→ **ACTIVITY**
Here the job is to return only the lines of the material, exactly, from the first one to the line with "any other s".

→ **DATA LISTING**
(* As w -> a inside (C\{0})^n, log|w_j| -> log|a_j| for j in J, and log|w_j| -> -oo for j not in J.
   Since S lies in R^n_+, every s in S supported on J keeps its value <s, log|a|> in the limit, while
   any other s is pushed down by L * (sum of s_j over j not in J) with L arbitrarily large.  By
   compactness that sum is bounded below by a positive constant wherever <s, log|a|> exceeds the
   maximum over the face {s in S. s_j = 0 for j not in J}, so the penalty is uniform and H_S(a) is that
   maximum, which is phi_{S_J} at the reindexed point. *)

lemma compact_penalty:
  fixes g h :: "'a::t2_space \<Rightarrow> real"
  assumes "compact S" "continuous_on S g" "continuous_on S h"
    and "\<And>s. s \<in> S \<Longrightarrow> 0 \<le> h s" "\<And>s. s \<in> S \<Longrightarrow> h s = 0 \<Longrightarrow> g s \<le> c" "0 < \<epsilon>"
  obtains L where "\<And>s. s \<in> S \<Longrightarrow> g s - L * h s \<le> c + \<epsilon>"
proof (cases "\<forall>s\<in>S. g s < c + \<epsilon>")
  case True
  then show ?thesis
    using that[of 0] by fastforce
next
  case False
  define K where "K = {s \<in> S. c + \<epsilon> \<le> g s}"
  have "K \<noteq> {}"
    using False unfolding K_def by (auto simp: not_less)
  have "closed K"
    unfolding K_def
    by (intro continuous_on_closed_Collect_le continuous_on_const assms(2) compact_imp_closed assms(1))
  moreover have "S \<inter> K = K"
    unfolding K_def by auto
  ultimately have "compact K"
    using compact_Int_closed[OF assms(1)] by metis
  then obtain s0 where s0: "s0 \<in> K" "\<And>s. s \<in> K \<Longrightarrow> h s0 \<le> h s"
    using continuous_attains_inf[OF _ \<open>K \<noteq> {}\<close> continuous_on_subset[OF assms(3)]]
    unfolding K_def by blast
  obtain s1 where s1: "\<And>s. s \<in> S \<Longrightarrow> g s \<le> g s1"
    using continuous_attains_sup[OF assms(1) _ assms(2)] \<open>K \<noteq> {}\<close> unfolding K_def by blast
  have "0 < h s0"
    using s0(1) assms(4,5)[of s0] \<open>0 < \<epsilon>\<close> unfolding K_def by force
  define L where "L = max 0 ((g s1 - c) / h s0)"
  have "0 \<le> L"
    by (simp add: L_def)
  show ?thesis
  proof (rule that)
    fix s assume "s \<in> S"
    show "g s - L * h s \<le> c + \<epsilon>"
    proof (cases "s \<in> K")
      case True
      have "g s1 - c \<le> L * h s0"
        using \<open>0 < h s0\<close> by (simp add: L_def pos_divide_le_eq max_mult_distrib_right)
      also have "\<dots> \<le> L * h s"
        using s0(2)[OF True] \<open>0 \<le> L\<close> by (rule mult_left_mono)
      finally show ?thesis
        using s1[OF \<open>s \<in> S\<close>] \<open>0 < \<epsilon>\<close> by linarith
    next
      case False
      then have "g s < c + \<epsilon>"
        using \<open>s \<in> S\<close> unfolding K_def by auto
      moreover have "0 \<le> L * h s"
        using \<open>0 \<le> L\<close> assms(4)[OF \<open>s \<in> S\<close>] by simp
      ultimately show ?thesis
        by linarith
    qed
  qed
qed
definition \<delta>B :: "'b \<Rightarrow> 'b" where "\<delta>B b = fst (f (b, 0, 0)) - b0 * b"
definition \<delta>M :: "'m \<Rightarrow> 'm" where "\<delta>M m = fst (snd (f (0, m, 0))) - la b0 m"
definition \<delta>C :: "'c \<Rightarrow> 'c" where "\<delta>C c = snd (snd (f (0, 0, c))) - c0 * c"

lemma f_add: "f (x + y) = f x + f y"
  using lin_f unfolding lin_map_def by blast

lemma h_zero: "h 0 = 0"
  using lin_h unfolding lin_map_def by (metis add_cancel_right_right add_0)

lemma quasi_Jordan_orthogonal:
  "jordan_prod mulA x y = 0 \<Longrightarrow> jordan_prod mulA (f x) y + jordan_prod mulA x (f y) = 0"
  by (simp add: quasi_Jordan h_zero)

lemma B_double_eq_0_iff: "(b::'b) + b = 0 \<longleftrightarrow> b = 0"
  by (rule iffI) (erule module_double_eq_zero[OF B.module_axioms two_neq_zero], simp)

lemma C_double_eq_0_iff: "(c::'c) + c = 0 \<longleftrightarrow> c = 0"
  by (rule iffI) (erule module_double_eq_zero[OF C.module_axioms two_neq_zero], simp)

lemma f_units: "f (1, 0, 0) = (b0, m0, 0)" "f (0, 0, 1) = (0, - m0, c0)"
proof -
  obtain c' where e: "f (1, 0, 0) = (b0, m0, c')"
    unfolding b0_def m0_def by (metis prod.collapse)
  obtain b' m' where e': "f (0, 0, 1) = (b', m', c0)"
    unfolding c0_def by (metis prod.collapse)
  have "b' + b' = 0 \<and> m0 + m' = 0 \<and> c' + c' = 0"
    using quasi_Jordan_orthogonal[of "(1, 0, 0)" "(0, 0, 1)"] by (simp add: e e' zero_prod_def)
  then have "b' = 0" "m' = - m0" "c' = 0"
    by (auto simp: B_double_eq_0_iff C_double_eq_0_iff add_eq_0_iff2)
  with e e' show "f (1, 0, 0) = (b0, m0, 0)" and "f (0, 0, 1) = (0, - m0, c0)"
    by simp_all
qed

lemma f_B: "f (b, 0, 0) = (b0 * b + \<delta>B b, la b m0, 0)"
proof -
  obtain m' c' where e: "f (b, 0, 0) = (b0 * b + \<delta>B b, m', c')"
    unfolding \<delta>B_def by (metis prod.collapse add.commute diff_add_cancel)
  have "- la b m0 + m' = 0 \<and> c' + c' = 0"
    using quasi_Jordan_orthogonal[of "(0, 0, 1)" "(b, 0, 0)"] by (simp add: e f_units zero_prod_def)
  with e show ?thesis
    by (simp add: C_double_eq_0_iff add_eq_0_iff2)
qed

lemma f_C: "f (0, 0, c) = (0, - ra m0 c, c0 * c + \<delta>C c)"
proof -
  obtain b' m' where e: "f (0, 0, c) = (b', m', c0 * c + \<delta>C c)"
    unfolding \<delta>C_def by (metis prod.collapse add.commute diff_add_cancel)
  have "b' + b' = 0 \<and> ra m0 c + m' = 0"
    using quasi_Jordan_orthogonal[of "(1, 0, 0)" "(0, 0, c)"] by (simp add: e f_units zero_prod_def)
  with e show ?thesis
    by (simp add: B_double_eq_0_iff add_eq_0_iff2)
qed

lemma f_M: "f (0, m, 0) = (0, la b0 m + \<delta>M m, 0)"
  and balanced: "la b0 m = ra m c0"
proof -
  obtain b' c' where e: "f (0, m, 0) = (b', la b0 m + \<delta>M m, c')"
    unfolding \<delta>M_def by (metis prod.collapse add.commute diff_add_cancel)
  have "jordan_prod mulA (f (1, 0, 0)) (0, m, 0) + jordan_prod mulA (1, 0, 0) (f (0, m, 0)) =
      jordan_prod mulA (f (0, 0, 1)) (0, m, 0) + jordan_prod mulA (0, 0, 1) (f (0, m, 0))"
    by (simp add: quasi_Jordan)
  then have "b' = 0" "c' = 0" and "la b0 m = ra m c0"
    by (simp_all add: e f_units B_double_eq_0_iff C_double_eq_0_iff)
  with e show "f (0, m, 0) = (0, la b0 m + \<delta>M m, 0)" and "la b0 m = ra m c0"
    by simp_all
qed

lemma h_M: "h (0, m, 0) = (0, la b0 m + la b0 m + \<delta>M m, 0)"
  using quasi_Jordan[of "(1, 0, 0)" "(0, m, 0)"] by (simp add: f_units f_M add.assoc)

lemma f_triple: "f (b, m, c) = (b0 * b + \<delta>B b, la b0 m + la b m0 - ra m0 c + \<delta>M m, c0 * c + \<delta>C c)"
proof -
  have "f (b, m, c) = f (b, 0, 0) + f (0, m, 0) + f (0, 0, c)"
    by (simp flip: f_add)
  then show ?thesis
    by (simp add: f_B f_M f_C algebra_simps)
qed

lemma \<delta>M_add: "\<delta>M (m + m') = \<delta>M m + \<delta>M m'"
  using f_add[of "(0, m, 0)" "(0, m', 0)"] by (simp add: f_M algebra_simps)

lemma \<delta>M_la: "\<delta>M (la b m) = la (\<delta>B b) m + la b (\<delta>M m)"
  using quasi_Jordan[of "(b, 0, 0)" "(0, m, 0)"]
  by (simp add: f_B f_M h_M la_mult balanced la_ra algebra_simps)

lemma \<delta>M_ra: "\<delta>M (ra m c) = ra (\<delta>M m) c + ra m (\<delta>C c)"
  using quasi_Jordan[of "(0, m, 0)" "(0, 0, c)"]
  by (simp add: f_M f_C h_M ra_mult algebra_simps flip: balanced la_ra)

lemma f_in_Cent_plus_Der:
  assumes "faithful_left la" and "faithful_right ra"
  shows "f \<in> map_set_sum (Cent smA mulA) (Der smA mulA)"
proof -
  define d where "d x = f x - mulA (b0, 0, c0) x" for x
  have "b0 * b = b * b0" and "c0 * c = c * c0" for b c
    using balanced_pair_commute[OF assms balanced] by simp_all
  then have "mulA (b0, 0, c0) \<in> Cent smA mulA"
    using balanced by (rule mulA_in_Cent)
  moreover have "d \<in> Der smA mulA"
    unfolding Der_def
  proof (intro CollectI conjI allI)
    show "lin_map smA d"
      unfolding d_def by (intro lin_map_diff additive_smA lin_f lin_map_mulA_left)
    have d_triple: "d (b, m, c) = (\<delta>B b, la b m0 - ra m0 c + \<delta>M m, \<delta>C c)" for b m c
      by (simp add: d_def f_triple)
    show "d (mulA x y) = mulA (d x) y + mulA x (d y)" for x y
      using Leibniz_if_faithful_left[OF assms(1) \<delta>M_la] Leibniz_if_faithful_right[OF assms(2) \<delta>M_ra]
        \<delta>M_add \<delta>M_la \<delta>M_ra d_triple
      by (rule Leibniz_of_diagonal_plus_inner)
  qed
  moreover have "f = (\<lambda>x. mulA (b0, 0, c0) x + d x)"
    by (simp add: d_def)
  ultimately show ?thesis
    unfolding map_set_sum_def by blast
qed

end
lemma finite_set_fps_agree_separates:
  assumes "finite S"
  obtains M where "\<And>x y. x \<in> S \<Longrightarrow> y \<in> S \<Longrightarrow> x \<noteq> y \<Longrightarrow> \<not> fps_agree M x y"
proof -
  have separate: "eventually (\<lambda>M. x \<noteq> y \<longrightarrow> \<not> fps_agree M x y) sequentially" for x y :: "'a fps"
  proof (cases "x = y")
    case False
    then obtain i where "x $ i \<noteq> y $ i"
      using fps_ext by blast
    then show ?thesis
      unfolding eventually_sequentially fps_agree_def by (metis Suc_le_lessD)
  qed simp
  have "eventually (\<lambda>M. \<forall>p \<in> S \<times> S. fst p \<noteq> snd p \<longrightarrow> \<not> fps_agree M (fst p) (snd p)) sequentially"
    using assms separate by (intro eventually_ball_finite) auto
  then show ?thesis
    using that unfolding eventually_sequentially by fastforce
qed

lemma ordt_minus_commute: "ordt (x - y) = ordt (y - x)"
  by (simp add: ordt_def)

lemma fps_agree_iff_ordt: "fps_agree m x y \<longleftrightarrow> enat m \<le> ordt (x - y)"
proof (cases "x = y")
  case False
  have "fps_agree m x y \<longleftrightarrow> (\<forall>i<m. (x - y) $ i = 0)"
    by (simp add: fps_agree_def)
  also have "\<dots> \<longleftrightarrow> m \<le> subdegree (x - y)"
    using False by (metis nth_less_subdegree_zero order.trans not_le right_minus_eq subdegree_geI)
  finally show ?thesis
    using False by (simp add: ordt_def)
qed (simp add: ordt_def)

lemma sum_ordt_eq_sum_card_fps_agree:
  assumes "finite A" and "\<And>a. a \<in> A \<Longrightarrow> \<not> fps_agree M (G a) s"
  shows "(\<Sum>a\<in>A. ordt (s - G a)) = enat (\<Sum>m\<in>{1..M}. card {a \<in> A. fps_agree m (G a) s})"
proof -
  have "ordt (s - G a) = enat (card {m \<in> {1..M}. fps_agree m (G a) s})" if "a \<in> A" for a
    using enat_eq_card_below[of "ordt (G a - s)" M] assms(2)[OF that]
    by (simp add: fps_agree_iff_ordt ordt_minus_commute not_le)
  then have "(\<Sum>a\<in>A. ordt (s - G a)) = enat (\<Sum>a\<in>A. card {m \<in> {1..M}. fps_agree m (G a) s})"
    by (simp add: of_nat_eq_enat [symmetric])
  also have "(\<Sum>a\<in>A. card {m \<in> {1..M}. fps_agree m (G a) s})
      = (\<Sum>m\<in>{1..M}. card {a \<in> A. fps_agree m (G a) s})"
    using assms(1) by (intro sum_multicount_gen) auto
  finally show ?thesis .
qed

lemma ex_point_balls_outweigh:
  fixes S :: "'a fps set" and F :: "'j \<Rightarrow> 'a fps"
  assumes "finite S" "finite J" "card J < card S"
  shows "\<exists>s\<in>S. \<forall>m'\<le>m. card {j \<in> J. fps_agree m' (F j) s} < card {x \<in> S. fps_agree m' x s}"
proof (induction m)
  case 0
  obtain s where "s \<in> S"
    using assms(3) by fastforce
  then show ?case
    using assms(3) by (auto simp: fps_agree_def)
next
  case (Suc m)
  then obtain s where "s \<in> S"
    and outweigh: "\<forall>m'\<le>m. card {j \<in> J. fps_agree m' (F j) s} < card {x \<in> S. fps_agree m' x s}"
    by blast
  define A where "A = {j \<in> J. fps_agree m (F j) s}"
  define B where "B = {x \<in> S. fps_agree m x s}"
  obtain s' where "s' \<in> B"
    and fibre: "card {j \<in> A. F j $ m = s' $ m} < card {x \<in> B. x $ m = s' $ m}"
    using ex_fibre_card_less[of A B "\<lambda>j. F j $ m" "\<lambda>x. x $ m"] outweigh assms(1,2)
    unfolding A_def B_def by auto
  then have "s' \<in> S" and s's: "fps_agree m s' s"
    by (auto simp: B_def)
  have same_balls: "fps_agree m' z s' \<longleftrightarrow> fps_agree m' z s" if "m' \<le> m" for m' z
    using fps_agree_mono[OF s's that]
    by (meson fps_agree_sym fps_agree_trans)
  have "card {j \<in> J. fps_agree m' (F j) s'} < card {x \<in> S. fps_agree m' x s'}"
    if "m' \<le> Suc m" for m'
  proof (cases "m' = Suc m")
    case True
    have "{j \<in> J. fps_agree m' (F j) s'} = {j \<in> A. F j $ m = s' $ m}"
      "{x \<in> S. fps_agree m' x s'} = {x \<in> B. x $ m = s' $ m}"
      unfolding True A_def B_def fps_agree_Suc using same_balls by auto
    then show ?thesis
      using fibre by simp
  next
    case False
    then show ?thesis
      using outweigh same_balls that by simp
  qed
  then show ?case
    using \<open>s' \<in> S\<close> by blast
qed

lemma ex_point_sum_ordt_family_le_set:
  fixes S :: "rat fps set" and F :: "'j \<Rightarrow> rat fps"
  assumes "finite S" "finite J" "card J < card S"
  shows "\<exists>s\<in>S. (\<Sum>j\<in>J. ordt (s - F j)) \<le> (\<Sum>x\<in>S - {s}. ordt (s - x))"
proof -
  obtain M where separated: "\<And>x y. x \<in> S \<Longrightarrow> y \<in> S \<Longrightarrow> x \<noteq> y \<Longrightarrow> \<not> fps_agree M x y"
    using finite_set_fps_agree_separates[OF assms(1)] by blast
  obtain s where "s \<in> S"
    and outweigh: "\<forall>m\<le>M. card {j \<in> J. fps_agree m (F j) s} < card {x \<in> S. fps_agree m x s}"
    using ex_point_balls_outweigh[OF assms] by blast
  have "{x \<in> S. fps_agree M x s} = {s}"
    using \<open>s \<in> S\<close> separated by auto
  then have F_separated: "\<not> fps_agree M (F j) s" if "j \<in> J" for j
    using outweigh that assms(2) by auto
  have le: "card {j \<in> J. fps_agree m (F j) s} \<le> card {x \<in> S - {s}. fps_agree m x s}"
    if "m \<le> M" for m
  proof -
    have "{x \<in> S - {s}. fps_agree m x s} = {x \<in> S. fps_agree m x s} - {s}"
      by auto
    then have "card {x \<in> S - {s}. fps_agree m x s} = card {x \<in> S. fps_agree m x s} - 1"
      using \<open>s \<in> S\<close> by (simp only: card_Diff_singleton mem_Collect_eq fps_agree_refl)
    then show ?thesis
      using outweigh that by fastforce
  qed
  have "(\<Sum>j\<in>J. ordt (s - F j)) = enat (\<Sum>m\<in>{1..M}. card {j \<in> J. fps_agree m (F j) s})"
    using assms(2) F_separated by (rule sum_ordt_eq_sum_card_fps_agree)
  also have "\<dots> \<le> enat (\<Sum>m\<in>{1..M}. card {x \<in> S - {s}. fps_agree m x s})"
    using le by (auto intro: sum_mono)
  also have "\<dots> = (\<Sum>x\<in>S - {s}. ordt (s - x))"
    using assms(1) separated \<open>s \<in> S\<close>
    by (intro sum_ordt_eq_sum_card_fps_agree[symmetric]) auto
  finally show ?thesis
    using \<open>s \<in> S\<close> by blast
qed

definition pair_ordt_sum :: "rat fps set \<Rightarrow> enat" where
  "pair_ordt_sum S = (\<Sum>x\<in>S. \<Sum>y\<in>S - {x}. ordt (x - y))"

lemma pair_ordt_sum_remove:
  assumes "finite S" "s \<in> S"
  shows "pair_ordt_sum S = pair_ordt_sum (S - {s}) + 2 * (\<Sum>y\<in>S - {s}. ordt (s - y))"
proof -
  have insert_s: "S - {x} = insert s (S - {s} - {x})" if "x \<in> S - {s}" for x
    using that assms(2) by auto
  have "pair_ordt_sum S
      = (\<Sum>y\<in>S - {s}. ordt (s - y)) + (\<Sum>x\<in>S - {s}. \<Sum>y\<in>S - {x}. ordt (x - y))"
    unfolding pair_ordt_sum_def by (rule sum.remove[OF assms])
  also have "(\<Sum>x\<in>S - {s}. \<Sum>y\<in>S - {x}. ordt (x - y))
      = (\<Sum>x\<in>S - {s}. ordt (x - s) + (\<Sum>y\<in>S - {s} - {x}. ordt (x - y)))"
    using assms(1) by (intro sum.cong refl) (simp add: insert_s)
  also have "\<dots> = (\<Sum>y\<in>S - {s}. ordt (s - y)) + pair_ordt_sum (S - {s})"
    by (simp add: pair_ordt_sum_def sum.distrib ordt_minus_commute[of _ s])
  finally show ?thesis
    by (simp add: mult_2 add.assoc add.commute)
qed

lemma t_ordering_in: "t_ordering U f \<Longrightarrow> f i \<in> U"
  by (simp add: t_ordering_def)

lemma t_ordering_alpha_le:
  "t_ordering U f \<Longrightarrow> k \<ge> 1 \<Longrightarrow> h \<in> U \<Longrightarrow> alpha_seq f k \<le> (\<Sum>j<k. ordt (h - f j))"
  by (simp add: t_ordering_def alpha_seq_def)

→ **OUTPUT OF THE EXERCISE**
(* As w -> a inside (C\{0})^n, log|w_j| -> log|a_j| for j in J, and log|w_j| -> -oo for j not in J.
   Since S lies in R^n_+, every s in S supported on J keeps its value <s, log|a|> in the limit, while
   any other s is pushed down by L * (sum of s_j over j not in J) with L arbitrarily large.  By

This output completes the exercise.